The event has also been an annual gift from the Kremlin to the people, offering an (increasingly rare) occasion to feel a sense of national pride.

None of those elements were present this year.

A hugely downsized version of the parade — much shorter in time and in the numbers involved, without any tanks, armored vehicles, or rocket launchers —against the backdrop of multiplying Ukrainian drone strikes deep inside Russian territory in recent weeks, produced a very different feeling. A feeling of fatigue has combined with a sense that the Kremlin is losing its sense of purpose after more than four years of war against Ukraine.

A day always built around symbolism now symbolized something else entirely: a glaring contrast between what the Red Army achieved in 47 months of war against Nazi Germany, and where Putin’s army stands after more than 50 months of fighting. The conclusions are unforgiving and unavoidable, even for regime loyalists.
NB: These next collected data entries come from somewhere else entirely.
section \<open>Stars and caterpillars\<close>

text \<open>At most one edge lies on no path and the edges lying on exactly one path are at most as many
  as the paths, while every other edge is counted at least twice in the total length.\<close>
lemma separating_path_system_card_edges_le:
  assumes "finite E" "finite \<P>" and sep: "separating_path_system V E \<P>"
  shows "2 * card E \<le> (\<Sum>P\<in>\<P>. card P) + card \<P> + 2"
proof -
  define S Z where "S = {e\<in>E. card (paths_through \<P> e) = 1}"
    and "Z = {e\<in>E. paths_through \<P> e = {}}"
  have "(\<Sum>e\<in>E. card (paths_through \<P> e)) = (\<Sum>P\<in>\<P>. card {e\<in>E. e \<in> P})"
    unfolding paths_through_def using sum_card_filter_swap[OF assms(1,2)] .
  also have "\<dots> = (\<Sum>P\<in>\<P>. card P)"
  proof (rule sum.cong)
    show "card {e\<in>E. e \<in> P} = card P" if "P \<in> \<P>" for P
      using separating_path_system_paths_subset[OF sep that]
      by (metis Collect_mem_eq inf.absorb_iff2 Collect_conj_eq)
  qed simp
  finally have total: "(\<Sum>e\<in>E. card (paths_through \<P> e)) = (\<Sum>P\<in>\<P>. card P)" .
  have "card S \<le> card \<P>" unfolding S_def by (rule card_single_path_edges_le[OF assms(2) sep]) auto
  moreover have "card Z \<le> Suc 0"
    using paths_through_inj[OF sep] assms(1) unfolding Z_def by (subst card_le_Suc0_iff_eq) auto
  moreover have "2 * card E \<le> (\<Sum>e\<in>E. card (paths_through \<P> e) + of_bool (e \<in> S) + 2 * of_bool (e \<in> Z))"
  proof -
    have "2 \<le> card (paths_through \<P> e) + of_bool (e \<in> S) + 2 * of_bool (e \<in> Z)" if "e \<in> E" for e
    proof -
      have "finite (paths_through \<P> e)" using assms(2) unfolding paths_through_def by simp
      then have "paths_through \<P> e = {} \<or> card (paths_through \<P> e) = 1 \<or> 2 \<le> card (paths_through \<P> e)"
        using card_0_eq by fastforce
      then show ?thesis using that unfolding S_def Z_def by auto
    qed
    then have "(\<Sum>e\<in>E. 2) \<le> (\<Sum>e\<in>E. card (paths_through \<P> e) + of_bool (e \<in> S) + 2 * of_bool (e \<in> Z))"
      by (rule sum_mono)
    then show ?thesis by simp
  qed
  moreover have "(\<Sum>e\<in>E. card (paths_through \<P> e) + of_bool (e \<in> S) + 2 * of_bool (e \<in> Z))
      = (\<Sum>P\<in>\<P>. card P) + card S + 2 * card Z"
    using assms(1) total unfolding S_def Z_def
    by (simp add: sum.distrib sum_distrib_left[symmetric] Int_def)
  ultimately show ?thesis by linarith
qed

lemma tree_singleton: "is_tree {a} {}"
proof -
  have "connected_graph {a} {}"
    unfolding connected_graph_def using vpath_singleton[of a "{a}" "{}"] by fastforce
  moreover have "\<not> has_cycle {a} {}"
    unfolding has_cycle_def using vpath_length_le_card[of "{a}" "{}"] by fastforce
  ultimately show ?thesis unfolding is_tree_def simple_graph_def by simp
qed

definition star_vertices :: "nat \<Rightarrow> nat set" where
  "star_vertices m = {..m}"

definition star_edges :: "nat \<Rightarrow> nat set set" where
  "star_edges m = (\<lambda>i. {0, i}) ` {1..m}"

lemma tree_star: "is_tree (star_vertices m) (star_edges m)"
proof (induction m)
  case 0
  then show ?case using tree_singleton unfolding star_vertices_def star_edges_def by simp
next
  case (Suc m)
  have "star_vertices (Suc m) = insert (Suc m) (star_vertices m)"
    "star_edges (Suc m) = insert {0, Suc m} (star_edges m)"
    unfolding star_vertices_def star_edges_def by (auto simp: atLeastAtMostSuc_conv)
  then show ?case using tree_add_leaf[OF Suc.IH, of 0 "Suc m"] unfolding star_vertices_def by simp
qed

lemma card_star_vertices: "card (star_vertices m) = Suc m"
  unfolding star_vertices_def by simp

lemma card_star_edges: "card (star_edges m) = m"
  unfolding star_edges_def by (subst card_image) (auto simp: inj_on_def doubleton_eq_iff)

text \<open>All edges of a star share the centre, so a path has at most two of them.\<close>
lemma star_path_card_le:
  assumes "is_path_edge_set (star_vertices m) (star_edges m) P"
  shows "card P \<le> 2"
proof -
  obtain vs where vs: "is_vpath (star_vertices m) (star_edges m) vs" "P = path_edges vs"
    using assms unfolding is_path_edge_set_def by blast
  have "length vs \<le> 3"
  proof (rule ccontr)
    assume "\<not> length vs \<le> 3"
    then have "{vs ! 0, vs ! 1} \<in> star_edges m" "{vs ! 2, vs ! 3} \<in> star_edges m"
      using vpath_edge[OF vs(1), of 0] vpath_edge[OF vs(1), of 2] by simp_all
    then have centre: "0 \<in> {vs ! 0, vs ! 1}" "0 \<in> {vs ! 2, vs ! 3}"
      unfolding star_edges_def by blast+
    have neq: "vs ! i \<noteq> vs ! j" if "i < 4" "j < 4" "i \<noteq> j" for i j
      using that \<open>\<not> length vs \<le> 3\<close> nth_eq_iff_index_eq[OF vpath_distinct[OF vs(1)], of i j] by simp
    have "vs ! 0 \<noteq> vs ! 2" "vs ! 0 \<noteq> vs ! 3" "vs ! 1 \<noteq> vs ! 2" "vs ! 1 \<noteq> vs ! 3"
      by (simp_all add: neq)
    then show False using centre by auto
  qed
  then show ?thesis using card_path_edges_le[of vs] vs(2) by simp
qed

lemma star_f_sep_ge: "2 * m \<le> 3 * f_sep (star_vertices m) (star_edges m) + 2"
proof -
  obtain \<P> where \<P>: "finite \<P>" "separating_path_system (star_vertices m) (star_edges m) \<P>"
    "card \<P> = f_sep (star_vertices m) (star_edges m)"
    using tree_obtain_optimal_separating_path_system[OF tree_star] .
  have "(\<Sum>P\<in>\<P>. card P) \<le> (\<Sum>P\<in>\<P>. 2)"
    using \<P>(2) star_path_card_le unfolding separating_path_system_def by (intro sum_mono) blast
  then show ?thesis
    using separating_path_system_card_edges_le[OF tree_finite_edges[OF tree_star] \<P>(1,2)] \<P>(3)
    by (simp add: card_star_edges)
qed

text \<open>The caterpillar of size r has the spine 0 - 2 - 4 - ... - 4r (edges spine_edge j, j < 2r) and
  a leg 4i - 4i+1 at every other spine vertex (edges leg_edge i, i \<le> r); it has 3r + 2 vertices.
  For i < r the path Q_i runs from the leg 4i+1 (no leg for i = 0) along at most three spine edges,
  and the long path runs from 2 to 4r and then into the last leg. Only leg_edge 0 lies on no path.\<close>

definition spine_edge :: "nat \<Rightarrow> nat set" where
  "spine_edge j = {2 * j, 2 * j + 2}"

definition leg_edge :: "nat \<Rightarrow> nat set" where
  "leg_edge i = {4 * i, 4 * i + 1}"

lemma spine_edge_eq_iff [simp]: "spine_edge j = spine_edge j' \<longleftrightarrow> j = j'"
  unfolding spine_edge_def by (auto simp: doubleton_eq_iff)

lemma leg_edge_eq_iff [simp]: "leg_edge i = leg_edge i' \<longleftrightarrow> i = i'"
  unfolding leg_edge_def by (auto simp: doubleton_eq_iff)

lemma spine_edge_neq_leg_edge [simp]: "spine_edge j \<noteq> leg_edge i" "leg_edge i \<noteq> spine_edge j"
proof -
  have "4 * i + 1 \<noteq> 2 * j" "4 * i + 1 \<noteq> 2 * j + 2" by presburger+
  then have "4 * i + 1 \<notin> spine_edge j" unfolding spine_edge_def by simp
  then show "spine_edge j \<noteq> leg_edge i" "leg_edge i \<noteq> spine_edge j" unfolding leg_edge_def by auto
qed

definition caterpillar_vertices :: "nat \<Rightarrow> nat set" where
  "caterpillar_vertices r = {v. v \<le> 4 * r + 1 \<and> v mod 4 \<noteq> 3}"

definition caterpillar_edges :: "nat \<Rightarrow> nat set set" where
  "caterpillar_edges r = spine_edge ` {..<2 * r} \<union> leg_edge ` {..r}"

lemma caterpillar_vertices_Suc:
  "caterpillar_vertices (Suc r) = insert (4 * r + 5) (insert (4 * r + 4) (insert (4 * r + 2) (caterpillar_vertices r)))"
  unfolding caterpillar_vertices_def by (auto; presburger)

lemma caterpillar_edges_Suc:
  "caterpillar_edges (Suc r) =
    insert {4 * r + 4, 4 * r + 5} (insert {4 * r + 2, 4 * r + 4} (insert {4 * r, 4 * r + 2} (caterpillar_edges r)))"
proof -
  have "{..<2 * Suc r} = insert (2 * r + 1) (insert (2 * r) {..<2 * r})" by auto
  moreover have "spine_edge (2 * r + 1) = {4 * r + 2, 4 * r + 4}" "spine_edge (2 * r) = {4 * r, 4 * r + 2}"
    "leg_edge (Suc r) = {4 * r + 4, 4 * r + 5}"
    unfolding spine_edge_def leg_edge_def by auto
  ultimately show ?thesis unfolding caterpillar_edges_def by (auto simp: atMost_Suc)
qed

lemma tree_caterpillar: "is_tree (caterpillar_vertices r) (caterpillar_edges r)"
proof (induction r)
  case 0
  have "caterpillar_vertices 0 = insert 1 {0}" "caterpillar_edges 0 = insert {0, 1} {}"
    unfolding caterpillar_vertices_def caterpillar_edges_def leg_edge_def by auto
  then show ?case by (simp only:) (rule tree_add_leaf[OF tree_singleton]; simp)
next
  case (Suc r)
  let ?V = "caterpillar_vertices r" and ?E = "caterpillar_edges r"
  have "4 * r \<in> ?V" "4 * r + 2 \<notin> ?V" "4 * r + 4 \<notin> ?V" "4 * r + 5 \<notin> ?V"
    unfolding caterpillar_vertices_def by auto
  then have "is_tree (insert (4 * r + 2) ?V) (insert {4 * r, 4 * r + 2} ?E)"
    by (intro tree_add_leaf[OF Suc.IH])
  then have "is_tree (insert (4 * r + 4) (insert (4 * r + 2) ?V))
      (insert {4 * r + 2, 4 * r + 4} (insert {4 * r, 4 * r + 2} ?E))"
    by (rule tree_add_leaf) (use \<open>4 * r + 4 \<notin> ?V\<close> in auto)
  then show ?case
    unfolding caterpillar_vertices_Suc caterpillar_edges_Suc
    by (rule tree_add_leaf) (use \<open>4 * r + 5 \<notin> ?V\<close> in auto)
qed

lemma card_caterpillar_vertices: "card (caterpillar_vertices r) = 3 * r + 2"
proof (induction r)
  case 0
  have "caterpillar_vertices 0 = {0, 1}" unfolding caterpillar_vertices_def by auto
  then show ?case by simp
next
  case (Suc r)
  have "finite (caterpillar_vertices r)" unfolding caterpillar_vertices_def by simp
  moreover have "4 * r + 2 \<notin> caterpillar_vertices r" "4 * r + 4 \<notin> caterpillar_vertices r"
    "4 * r + 5 \<notin> caterpillar_vertices r"
    unfolding caterpillar_vertices_def by auto
  ultimately show ?case unfolding caterpillar_vertices_Suc using Suc.IH by simp
qed

definition spine_path :: "nat \<Rightarrow> nat \<Rightarrow> nat list" where
  "spine_path a b = map (\<lambda>j. 2 * j) [a..<Suc b]"

lemma spine_path_not_Nil: "a \<le> b \<Longrightarrow> spine_path a b \<noteq> []"
  unfolding spine_path_def by simp

lemma set_spine_path: "set (spine_path a b) = (\<lambda>j. 2 * j) ` {a..b}"
  unfolding spine_path_def by auto

lemma hd_spine_path: "a \<le> b \<Longrightarrow> hd (spine_path a b) = 2 * a"
  unfolding spine_path_def by (simp add: hd_map upt_rec)

lemma last_spine_path: "a \<le> b \<Longrightarrow> last (spine_path a b) = 2 * b"
  unfolding spine_path_def by (simp add: last_map)

lemma path_edges_spine_path: "path_edges (spine_path a b) = spine_edge ` {a..<b}"
proof -
  have len: "length (spine_path a b) = Suc b - a" and nth: "i < Suc b - a \<Longrightarrow> spine_path a b ! i = 2 * (a + i)"
    for i unfolding spine_path_def by (simp_all del: upt_Suc)
  have "{spine_path a b ! i, spine_path a b ! Suc i} = spine_edge (a + i)" if "Suc i < Suc b - a" for i
    using that nth[of i] nth[of "Suc i"] unfolding spine_edge_def by simp
  then have "path_edges (spine_path a b) = (\<lambda>i. spine_edge (a + i)) ` {i. Suc i < Suc b - a}"
    unfolding path_edges_def len by auto
  also have "(\<lambda>i. a + i) ` {i. Suc i < Suc b - a} = {a..<b}"
  proof
    show "{a..<b} \<subseteq> (\<lambda>i. a + i) ` {i. Suc i < Suc b - a}"
    proof
      fix j assume "j \<in> {a..<b}"
      then have "j = a + (j - a)" "Suc (j - a) < Suc b - a" by auto
      then show "j \<in> (\<lambda>i. a + i) ` {i. Suc i < Suc b - a}" by blast
    qed
  qed auto
  then have "(\<lambda>i. spine_edge (a + i)) ` {i. Suc i < Suc b - a} = spine_edge ` {a..<b}"
    by (metis image_image)
  finally show ?thesis .
qed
Still more annoying for Putin’s supporters is that an event on Red Square purporting to be the showcase of Russian military might now depends so much on President Zelenskyy’s behavior and, in particular, whether he chooses to strike Russia on that day. In the end, President Trump and his aides intervened to broker a short-term ceasefire, although this left Ukraine with bragging rights that infuriated Russian nationalists.

The Ukrainian threat is now obvious to everyone.

The drone attacks across Russia’s regions in the weeks ahead of the celebration created a rather unsettling anticipation that something really bad could happen on that day (one open source analyst estimates that around 7,000 Ukrainian drones were launched into Russian territory in March, outnumbering the Kremlin’s aerial barrage for the first time).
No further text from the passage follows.